How Doctolib uses Stack Overflow for Teams
The simple format of questions and answers encouraged the team to write documentation on the fly. What was traditionally a slow and compartmentalized process transformed into a natural extension of daily conversation and collaboration. “You just get into the habit of it. If you think something is useful for the team to know and not on there yet, you ask and answer your own question. Most of the time, another person then adds to it.”
Even before the pandemic, Doctolib did a lot to create opportunities for intellectual exchange with monthly tech time breaks. People would stand in front of a crowd and present on topics. In a fully remote world, Stack Overflow for Teams has helped to facilitate something similar. After it went remote, the company began a new initiative. To create a place for internal thought leaders to share their expertise, and for the team to discuss new technology trends, developers at Doctolib began sharing bite-sized knowledge under tags like “hot tips” and engaging in friendly competition to see whose contributions would receive the most votes and comments.
Within their knowledge-sharing tech stack, Stack Overflow for Teams has filled the gap for collaborative documentation, but also made existing knowledge more accessible. “We use Stack Overflow for Teams to index the knowledge we have sitting in Confluence. As a developer, I already use public Stack Overflow in my work, so having both next to each other on my start page and being able to find links to other documentation we have at Doctolib makes things so much easier.”
“Stack Overflow for Teams was the first product we introduced for this purpose,” says Thibault Boyer, the head of IT Products and Projects at Doctolib. “The goal was to improve the knowledge transfer between co-workers and dev teams. Also, to offer a better onboarding for new hires.” Doctolib began with 137 users in 2019 and has since expanded to 300 users. “With Stack Overflow for Teams, we have better cohesion and team spirit. Also, new joiners are quickly onboarded by themselves. We have improved the knowledge transfer and ensured our code logic is crystal clear for anyone.”
After starting out with half its developers, the company quickly expanded Stack Overflow for Teams to the entire engineering organization. For Guerreiro, it means he can get more done and distract his colleagues less. “You no longer need to break someone’s focus by asking them a question.
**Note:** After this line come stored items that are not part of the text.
(* Let $i\ge 3$ and $k\ge 3$ be integers. Then: (a) $g_1(L_i,L_{i+2},L_{i+k})=(2L_i-1)L_{i+2}-L_i$ whenever $k\ge i+4$; (b) $g_1(L_i,L_{i+2},L_{2i+3})=(F_{i+3}-1)L_{i+2}-L_i$; (c) $g_1(L_i,L_{i+2},L_{2i+2})=(3F_{i-1}-1)L_{i+2}+L_{2i+2}-L_i$; (d) if $r=\lfloor (L_i-1)/F_k\rfloor\ge 1$ (equivalently $k\le i+1$), then $$g_1(L_i,L_{i+2},L_{i+k})=\begin{cases}(L_i-rF_k-1)L_{i+2}+(r+1)L_{i+k}-L_i & \text{if } (L_i-rF_k)L_{i+2}\ge F_{k-2}L_i,\\ (F_k-1)L_{i+2}+rL_{i+k}-L_i & \text{if } (L_i-rF_k)L_{i+2}< F_{k-2}L_i.\end{cases}$$
   Context: Fibonacci numbers: $F_0=0$, $F_1=1$, $F_n=F_{n-1}+F_{n-2}$. Lucas numbers: $L_0=2$, $L_1=1$, $L_n=L_{n-1}+L_{n-2}$. For positive integers $a_1,\dots,a_l$ with $\gcd(a_1,\dots,a_l)=1$ and an integer $n$, let $d(n;a_1,\dots,a_l)$ be the number of tuples $(x_1,\dots,x_l)$ of nonnegative integers with $a_1x_1+\dots+a_lx_l=n$. For a nonnegative integer $p$, the $p$-Frobenius number $g_p(a_1,\dots,a_l)$ is the largest integer $n$ with $d(n;a_1,\dots,a_l)\le p$. *)

theory Defs
  imports "HOL-Number_Theory.Fib"
begin

fun lucas :: "nat \<Rightarrow> nat" where
  "lucas 0 = 2"
| "lucas (Suc 0) = 1"
| "lucas (Suc (Suc n)) = lucas (Suc n) + lucas n"

definition num_reps :: "int \<Rightarrow> nat list \<Rightarrow> nat" where
  "num_reps n as = card {xs :: nat list. length xs = length as \<and>
      int (\<Sum>j<length as. as ! j * xs ! j) = n}"

definition frob_p :: "nat \<Rightarrow> nat list \<Rightarrow> int" where
  "frob_p p as = (GREATEST n :: int. num_reps n as \<le> p)"

end

theory Submission
  imports Defs "HOL-Number_Theory.Cong"
begin

text \<open>Write the generators as \<open>a\<close>, \<open>b\<close> and \<open>c = f b - e a\<close> with \<open>e \<ge> 0\<close>; for Lucas
  numbers this is \<open>L(i+k) = F(k) L(i+2) - F(k-2) L(i)\<close>. Since \<open>c \<equiv> f b (mod a)\<close>, an integer
  \<open>n \<equiv> w b (mod a)\<close> has a representation \<open>x a + y b + z c\<close> for every pair \<open>(y, z) \<ge> 0\<close>
  with \<open>y + z f \<equiv> w (mod a)\<close> and \<open>y b + z c \<le> n\<close>. So if every residue class contains two
  such pairs of value at most \<open>M = y0 b + z0 c\<close>, every \<open>n > M - a\<close> has two representations;
  and if \<open>0 \<le> y0 + z0 f - a < min a f\<close>, \<open>y0 < f\<close> and \<open>e y0 \<le> c\<close>, then \<open>M - a\<close> has only
  its obvious representation. Each case of the theorem is a choice of \<open>(y0, z0)\<close>, namely
  \<open>(2a - 1, 0)\<close>, \<open>(f - 1, 0)\<close>, \<open>(2a - 1 - f, 1)\<close>, \<open>(a - rf - 1, r + 1)\<close> or \<open>(f - 1, r)\<close>,
  for which these conditions reduce to elementary inequalities; in cases (b) and (c) they are
  quadratic inequalities in \<open>F(i-3) \<le> F(i-2)\<close>.\<close>

lemma num_reps_triple:
  "num_reps n [a, b, c] = card {(x, y, z). int (a * x + b * y + c * z) = n}"
proof -
  have "{xs. length xs = length [a, b, c] \<and> int (\<Sum>j<length [a, b, c]. [a, b, c] ! j * xs ! j) = n}
      = (\<lambda>(x, y, z). [x, y, z]) ` {(x, y, z). int (a * x + b * y + c * z) = n}"
    by (auto simp: length_Suc_conv numeral_3_eq_3 lessThan_Suc image_iff add.assoc)
  moreover have "inj (\<lambda>(x, y, z). [x :: nat, y, z])"
    by (auto intro: injI)
  ultimately show ?thesis
    unfolding num_reps_def by (simp add: card_image inj_on_subset)
qed

lemma finite_triple_reps:
  assumes "0 < a" "0 < b" "0 < c"
  shows "finite {(x, y, z). int (a * x + b * y + c * z) = n}"
proof -
  have "{(x, y, z). int (a * x + b * y + c * z) = n} \<subseteq> {..nat n} \<times> {..nat n} \<times> {..nat n}"
  proof
    fix p assume "p \<in> {(x, y, z). int (a * x + b * y + c * z) = n}"
    then obtain x y z where p: "p = (x, y, z)" and n: "nat n = a * x + b * y + c * z"
      by (auto simp del: of_nat_add of_nat_mult)
    have "x \<le> a * x" "y \<le> b * y" "z \<le> c * z"
      using assms by simp_all
    then show "p \<in> {..nat n} \<times> {..nat n} \<times> {..nat n}"
      unfolding p n by (simp only: atMost_iff mem_Times_iff fst_conv snd_conv) linarith
  qed
  then show ?thesis
    by (rule finite_subset) simp
qed

lemma frob_p_eqI:
  assumes "num_reps G as \<le> p" and "\<And>n. G < n \<Longrightarrow> p < num_reps n as"
  shows "frob_p p as = G"
  unfolding frob_p_def
  by (rule Greatest_equality) (use assms in \<open>auto simp: not_le[symmetric]\<close>)

lemma two_le_num_repsI:
  fixes a b c :: int
  assumes "0 < a" "0 < b" "0 < c"
    and "0 \<le> x1" "0 \<le> y1" "0 \<le> z1" "x1 * a + y1 * b + z1 * c = n"
    and "0 \<le> x2" "0 \<le> y2" "0 \<le> z2" "x2 * a + y2 * b + z2 * c = n"
    and "(x1, y1, z1) \<noteq> (x2, y2, z2)"
  shows "2 \<le> num_reps n [nat a, nat b, nat c]"
proof -
  let ?R = "{(x, y, z). int (nat a * x + nat b * y + nat c * z) = n}"
  have "(nat x1, nat y1, nat z1) \<in> ?R" "(nat x2, nat y2, nat z2) \<in> ?R"
    using assms by (auto simp: algebra_simps)
  moreover have "(nat x1, nat y1, nat z1) \<noteq> (nat x2, nat y2, nat z2)"
    using assms(4-6,8-10,12) by (auto simp: nat_eq_iff2)
  ultimately have "card {(nat x1, nat y1, nat z1), (nat x2, nat y2, nat z2)} \<le> card ?R"
    by (intro card_mono finite_triple_reps) (use assms in auto)
  with \<open>(nat x1, nat y1, nat z1) \<noteq> _\<close> show ?thesis
    by (simp add: num_reps_triple)
qed

lemma num_reps_le_1I:
  fixes a b c :: int
  assumes "0 \<le> a" "0 \<le> b" "0 \<le> c"
    and "\<And>x y z. 0 \<le> x \<Longrightarrow> 0 \<le> y \<Longrightarrow> 0 \<le> z \<Longrightarrow> x * a + y * b + z * c = n
      \<Longrightarrow> (x, y, z) = p"
  shows "num_reps n [nat a, nat b, nat c] \<le> 1"
proof -
  let ?q = "(nat (fst p), nat (fst (snd p)), nat (snd (snd p)))"
  have rep_eq: "(x, y, z) = ?q" if "int (nat a * x + nat b * y + nat c * z) = n" for x y z
  proof -
    have "(int x, int y, int z) = p"
      by (rule assms(4)) (use that assms(1-3) in \<open>simp_all add: algebra_simps\<close>)
    then show ?thesis by auto
  qed
  have "{(x, y, z). int (nat a * x + nat b * y + nat c * z) = n} \<subseteq> {?q}"
  proof
    fix t assume "t \<in> {(x, y, z). int (nat a * x + nat b * y + nat c * z) = n}"
    then obtain x y z where "t = (x, y, z)" "int (nat a * x + nat b * y + nat c * z) = n"
      by (auto simp del: of_nat_add of_nat_mult)
    with rep_eq show "t \<in> {?q}" by simp
  qed
  then show ?thesis
    unfolding num_reps_triple using card_mono[of "{?q}"] by fastforce
qed

definition class_pairs :: "int \<Rightarrow> int \<Rightarrow> int \<Rightarrow> int \<Rightarrow> int \<Rightarrow> int \<Rightarrow> (int \<times> int) set" where
  "class_pairs a f b c M w =
     {(y, z). 0 \<le> y \<and> 0 \<le> z \<and> a dvd y + z * f - w \<and> y * b + z * c \<le> M}"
And even if we did, then the knowledge would be stuck between me and them. This way we have it available for everyone else that might have the same question.”
Guerreiro says it has turned him into a contributor. “On the public Stack Overflow, I was just a reader, but on Doctolib’s instance, I began writing questions and answers right as I started.” What works for him and the others is the gamification. “Personally, what I would miss with a different solution is the points, achievements, and medals. As an engineer, you work towards targets, but you also work for recognition from your co-workers. This tool helps me get both.”